A researcher at the University of Gothenburg has refuted popular notion that old people are a rather homogenous group - as they are considered to be ill, lonely and unable to take care of themselves. 'But the truth is', he says, 'that the differences among people grow with age'.
As part of his doctoral thesis, Bo G Eriksson conducted a study that followed people from their 70th to their 90th year of life.
The expert studied participants of the extensive and unique so-called H-70 study, which is based on a group of randomly selected individuals born in 1901 and 1902 who were followed closely over their entire lifetimes.
Eriksson's study focused on the period from their 70th to their 90th year of life. And it turned out that people become more and more different as they age.
'The perception of old people having similar interests, values and lifestyles can lead to age discrimination. However, I found that, as people age, these stereotypes become more and more untrue,' says Eriksson.
Eriksson also studied differences in causes of death with increasing age, and again found indications of possible age discrimination.
Eriksson explored how social conditions can affect longevity, and found four mechanisms at work. The first two relate to creation of social facts. Examples of social facts include promises and agreements that strengthen the identities of individuals. The third mechanism relates to how a person builds and maintains self esteem by successfully responding to challenges. The fourth mechanism consists of everyday conversations, which decrease anxiety and offer support in everyday decision making, improves attention and gives the brain and the memory a healthy workout.
"Taken together, these mechanisms also contribute to increased everyday activity, which has some beneficial physical effects," says Eriksson.

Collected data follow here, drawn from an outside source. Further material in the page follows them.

(* Let $G$ be a finite graph that admits a distinguishing edge coloring and has a non-identity automorphism. Then $$\theta'(G)=\max\{\,|\alpha|_e \;:\; \alpha\in\mathrm{Aut}(G)\setminus\{\mathrm{id}\}\,\}+1.$$
   Context: All graphs are finite and simple. An automorphism $\alpha$ of $G$ acts on edges by $\alpha(uv)=\alpha(u)\alpha(v)$. $|\alpha|_e$ denotes the number of cycles, including cycles of length 1 (fixed edges), in the cycle decomposition of the permutation that $\alpha$ induces on $E(G)$. An edge coloring with $k$ colors is a surjective map $c:E(G)\to\{1,\dots,k\}$. It is distinguishing if the only automorphism preserving all edge colors is the identity. $\theta'(G)$ is the least integer $k$ such that every edge coloring of $G$ using exactly $k$ colors is distinguishing. *)

theory Defs
  imports "HOL-Combinatorics.Permutations"
begin

definition simple_graph :: "'a set \<Rightarrow> 'a set set \<Rightarrow> bool" where
  "simple_graph V E \<longleftrightarrow> finite V \<and>
     (\<forall>e\<in>E. \<exists>u v. u \<noteq> v \<and> u \<in> V \<and> v \<in> V \<and> e = {u, v})"

definition graph_aut :: "'a set \<Rightarrow> 'a set set \<Rightarrow> ('a \<Rightarrow> 'a) \<Rightarrow> bool" where
  "graph_aut V E f \<longleftrightarrow> f permutes V \<and>
     (\<forall>u\<in>V. \<forall>v\<in>V. {u, v} \<in> E \<longleftrightarrow> {f u, f v} \<in> E)"

definition edge_map :: "('a \<Rightarrow> 'a) \<Rightarrow> 'a set \<Rightarrow> 'a set" where
  "edge_map f e = f ` e"

definition num_cycles :: "('b \<Rightarrow> 'b) \<Rightarrow> 'b set \<Rightarrow> nat" where
  "num_cycles s S = card ((\<lambda>x. {(s ^^ n) x | n. True}) ` S)"

definition edge_cycles :: "'a set set \<Rightarrow> ('a \<Rightarrow> 'a) \<Rightarrow> nat" where
  "edge_cycles E f = num_cycles (edge_map f) E"

definition edge_coloring :: "'a set set \<Rightarrow> nat \<Rightarrow> ('a set \<Rightarrow> nat) \<Rightarrow> bool" where
  "edge_coloring E k c \<longleftrightarrow> c ` E = {1..k}"

definition distinguishing :: "'a set \<Rightarrow> 'a set set \<Rightarrow> ('a set \<Rightarrow> nat) \<Rightarrow> bool" where
  "distinguishing V E c \<longleftrightarrow>
     (\<forall>f. graph_aut V E f \<and> (\<forall>e\<in>E. c (edge_map f e) = c e) \<longrightarrow> f = id)"

definition has_distinguishing_edge_coloring :: "'a set \<Rightarrow> 'a set set \<Rightarrow> bool" where
  "has_distinguishing_edge_coloring V E \<longleftrightarrow>
     (\<exists>k c. edge_coloring E k c \<and> distinguishing V E c)"

definition theta' :: "'a set \<Rightarrow> 'a set set \<Rightarrow> nat" where
  "theta' V E = (LEAST k. 1 \<le> k \<and>
     (\<forall>c. edge_coloring E k c \<longrightarrow> distinguishing V E c))"

end

theory Submission
  imports Defs "HOL-Combinatorics.Cycles"
begin

text \<open>A coloring preserved by an automorphism \<alpha> is constant on the cycles of \<alpha> on E,
  so it uses at most |\<alpha>|_e colors; conversely every k with 1 \<le> k \<le> |\<alpha>|_e is the number
  of colors of some coloring that is constant on those cycles, and such a coloring is
  preserved by \<alpha>. Hence every coloring with k \<ge> 1 colors is distinguishing iff
  |\<alpha>|_e < k for every non-identity automorphism \<alpha>, and the least such k is the
  maximum of |\<alpha>|_e plus one.\<close>

definition forward_orbit :: "('b \<Rightarrow> 'b) \<Rightarrow> 'b \<Rightarrow> 'b set" where
  "forward_orbit s x = {(s ^^ n) x | n. True}"

lemma num_cycles_eq_card_forward_orbits: "num_cycles s S = card (forward_orbit s ` S)"
  unfolding num_cycles_def forward_orbit_def ..

lemma self_in_forward_orbit: "x \<in> forward_orbit s x"
  unfolding forward_orbit_def by (metis (mono_tags) funpow_0 mem_Collect_eq)

lemma forward_orbit_apply:
  assumes "s ^^ N = id" "0 < N"
  shows "forward_orbit s (s x) = forward_orbit s x"
proof -
  have shift: "(s ^^ n) (s x) = (s ^^ Suc n) x" for n
    by (simp add: funpow_swap1)
  have "(s ^^ n) x = (s ^^ (n + N - 1)) (s x)" for n
    using assms by (simp add: shift funpow_add Suc_diff_1 del: funpow.simps)
  then show ?thesis
    unfolding forward_orbit_def using shift by blast
qed

lemma invariant_const_on_forward_orbit:
  assumes "s ` S \<subseteq> S" "\<forall>x\<in>S. c (s x) = c x" "x \<in> S"
  shows "y \<in> forward_orbit s x \<Longrightarrow> c y = c x"
proof -
  have "(s ^^ n) x \<in> S \<and> c ((s ^^ n) x) = c x" for n
    using assms by (induction n) auto
  then show "y \<in> forward_orbit s x \<Longrightarrow> c y = c x"
    unfolding forward_orbit_def by blast
qed

lemma card_image_le_if_factors:
  assumes "finite S" "\<forall>x\<in>S. \<forall>y\<in>S. g x = g y \<longrightarrow> c x = c y"
  shows "card (c ` S) \<le> card (g ` S)"
proof -
  define h where "h X = c (SOME x. x \<in> S \<and> g x = X)" for X
  have "h (g x) = c x" if "x \<in> S" for x
    using someI[of "\<lambda>y. y \<in> S \<and> g y = g x" x] that assms(2) unfolding h_def by blast
  then have "c ` S = h ` g ` S"
    by (auto simp: image_image)
  then show ?thesis
    using assms(1) by (simp add: card_image_le)
qed

lemma card_invariant_image_le_num_cycles:
  assumes "finite S" "s ` S \<subseteq> S" "\<forall>x\<in>S. c (s x) = c x"
  shows "card (c ` S) \<le> num_cycles s S"
  unfolding num_cycles_eq_card_forward_orbits
proof (rule card_image_le_if_factors[OF assms(1)], intro ballI impI)
  fix x y assume "x \<in> S" "y \<in> S" "forward_orbit s x = forward_orbit s y"
  then show "c x = c y"
    using invariant_const_on_forward_orbit[OF assms(2,3)] self_in_forward_orbit by metis
qed

lemma exists_surj_onto_initial_segment:
  assumes "finite T" "1 \<le> k" "k \<le> card T"
  shows "\<exists>h. h ` T = {1..k}"
proof -
  obtain b where b: "bij_betw b T {0..<card T}"
    using ex_bij_betw_finite_nat[OF assms(1)] by (auto simp: atLeast0LessThan)
  define h where "h X = min (b X + 1) k" for X
  have "j \<in> h ` T" if "j \<in> {1..k}" for j
  proof -
    have "j - 1 \<in> b ` T"
      using that assms(3) b unfolding bij_betw_def by auto
    then obtain X where "X \<in> T" "b X = j - 1" by (metis imageE)
    then show ?thesis
      using that unfolding h_def by force
  qed
  moreover have "h ` T \<subseteq> {1..k}"
    using assms(2) unfolding h_def by auto
  ultimately show ?thesis by blast
qed

lemma finite_edges:
  assumes "simple_graph V E"
  shows "finite E"
proof (rule finite_subset)
  show "E \<subseteq> Pow V"
    using assms unfolding simple_graph_def by fastforce
  show "finite (Pow V)"
    using assms unfolding simple_graph_def by simp
qed

lemma finite_graph_auts: "simple_graph V E \<Longrightarrow> finite {f. graph_aut V E f}"
  unfolding simple_graph_def graph_aut_def
  by (auto intro: finite_subset[OF _ finite_permutations])

lemma edge_map_in_edges:
  assumes "simple_graph V E" "graph_aut V E f" "e \<in> E"
  shows "edge_map f e \<in> E"
proof -
  obtain u v where "u \<in> V" "v \<in> V" "e = {u, v}"
    using assms(1,3) unfolding simple_graph_def by blast
  then show ?thesis
    using assms(2,3) unfolding graph_aut_def edge_map_def by auto
qed

lemma edge_map_periodic:
  assumes "simple_graph V E" "graph_aut V E f"
  obtains N where "edge_map f ^^ N = id" "0 < N"
proof -
  have "permutation f"
    using assms unfolding graph_aut_def simple_graph_def permutation_permutes by blast
  then obtain N where N: "f ^^ N = id" "0 < N"
    by (rule permutation_is_nilpotent)
  have "(edge_map f ^^ n) e = (f ^^ n) ` e" for n e
    by (induction n arbitrary: e) (auto simp: edge_map_def image_comp)
  then have "edge_map f ^^ N = id"
    using N(1) by (simp add: fun_eq_iff)
  with N(2) show ?thesis
    using that by blast
qed

lemma preserved_coloring_le_edge_cycles:
  assumes "simple_graph V E" "graph_aut V E f" "edge_coloring E k c"
    and "\<forall>e\<in>E. c (edge_map f e) = c e"
  shows "k \<le> edge_cycles E f"
proof -
  have "card (c ` E) \<le> num_cycles (edge_map f) E"
    using assms finite_edges edge_map_in_edges
    by (intro card_invariant_image_le_num_cycles) auto
  then show ?thesis
    using assms(3) unfolding edge_coloring_def edge_cycles_def by simp
qed

lemma exists_preserved_coloring:
  assumes "simple_graph V E" "graph_aut V E f" "1 \<le> k" "k \<le> edge_cycles E f"
  shows "\<exists>c. edge_coloring E k c \<and> (\<forall>e\<in>E. c (edge_map f e) = c e)"
proof -
  let ?orb = "forward_orbit (edge_map f)"
  obtain h where h: "h ` ?orb ` E = {1..k}"
    using exists_surj_onto_initial_segment[of "?orb ` E" k] assms(3,4) finite_edges[OF assms(1)]
    by (auto simp: edge_cycles_def num_cycles_eq_card_forward_orbits)
  obtain N where "edge_map f ^^ N = id" "0 < N"
    using edge_map_periodic[OF assms(1,2)] .
  then have "\<forall>e\<in>E. h (?orb (edge_map f e)) = h (?orb e)"
    by (simp add: forward_orbit_apply)
  moreover have "edge_coloring E k (h \<circ> ?orb)"
    using h unfolding edge_coloring_def by (simp add: image_comp)
  ultimately show ?thesis by auto
qed

lemma all_colorings_distinguishing_iff:
  assumes "simple_graph V E" "1 \<le> k"
  shows "(\<forall>c. edge_coloring E k c \<longrightarrow> distinguishing V E c)
    \<longleftrightarrow> (\<forall>f. graph_aut V E f \<and> f \<noteq> id \<longrightarrow> edge_cycles E f < k)"
proof
  assume all: "\<forall>c. edge_coloring E k c \<longrightarrow> distinguishing V E c"
  show "\<forall>f. graph_aut V E f \<and> f \<noteq> id \<longrightarrow> edge_cycles E f < k"
  proof (intro allI impI, rule ccontr)
    fix f assume f: "graph_aut V E f \<and> f \<noteq> id" and "\<not> edge_cycles E f < k"
    then obtain c where "edge_coloring E k c" "\<forall>e\<in>E. c (edge_map f e) = c e"
      using exists_preserved_coloring[OF assms(1) _ assms(2)] by force
    then show False
      using all f unfolding distinguishing_def by blast
  qed
next
  assume "\<forall>f. graph_aut V E f \<and> f \<noteq> id \<longrightarrow> edge_cycles E f < k"
  then show "\<forall>c. edge_coloring E k c \<longrightarrow> distinguishing V E c"
    unfolding distinguishing_def
    using preserved_coloring_le_edge_cycles[OF assms(1)] by (meson leD)
qed

theorem mainTheorem2:
  fixes V :: "'a set" and E :: "'a set set"
  assumes "simple_graph V E"
    and "has_distinguishing_edge_coloring V E"
    and "\<exists>f. graph_aut V E f \<and> f \<noteq> id"
  shows "theta' V E = Max {edge_cycles E f | f. graph_aut V E f \<and> f \<noteq> id} + 1"
proof -
  let ?M = "{edge_cycles E f | f. graph_aut V E f \<and> f \<noteq> id}"
  have "finite ?M"
    using finite_graph_auts[OF assms(1)] by (auto intro: finite_subset[of _ "edge_cycles E ` _"])
  moreover have "?M \<noteq> {}"
    using assms(3) by blast
  ultimately have "(\<forall>f. graph_aut V E f \<and> f \<noteq> id \<longrightarrow> edge_cycles E f < k) \<longleftrightarrow> Max ?M < k"
    for k by (auto simp: Max_less_iff)
  then have "1 \<le> k \<and> (\<forall>c. edge_coloring E k c \<longrightarrow> distinguishing V E c) \<longleftrightarrow> Max ?M < k"
    for k using all_colorings_distinguishing_iff[OF assms(1), of k] by (cases "1 \<le> k") auto
  then have "theta' V E = (LEAST k. Max ?M < k)"
    unfolding theta'_def by presburger
  also have "\<dots> = Max ?M + 1"
    by (rule Least_equality) auto
  finally show ?thesis .
qed

end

Moreover, Eriksson applied two different methods to predict people's lifespan: one that researchers commonly use when calculating probability and one that is based on artificial neural networks (ANN), which is common in research on artificial intelligence. It turned out that the ANN method was more effective in complex situations where traditional methods do not work. ANN may therefore be appropriate in evaluations of results produced with traditional research methods.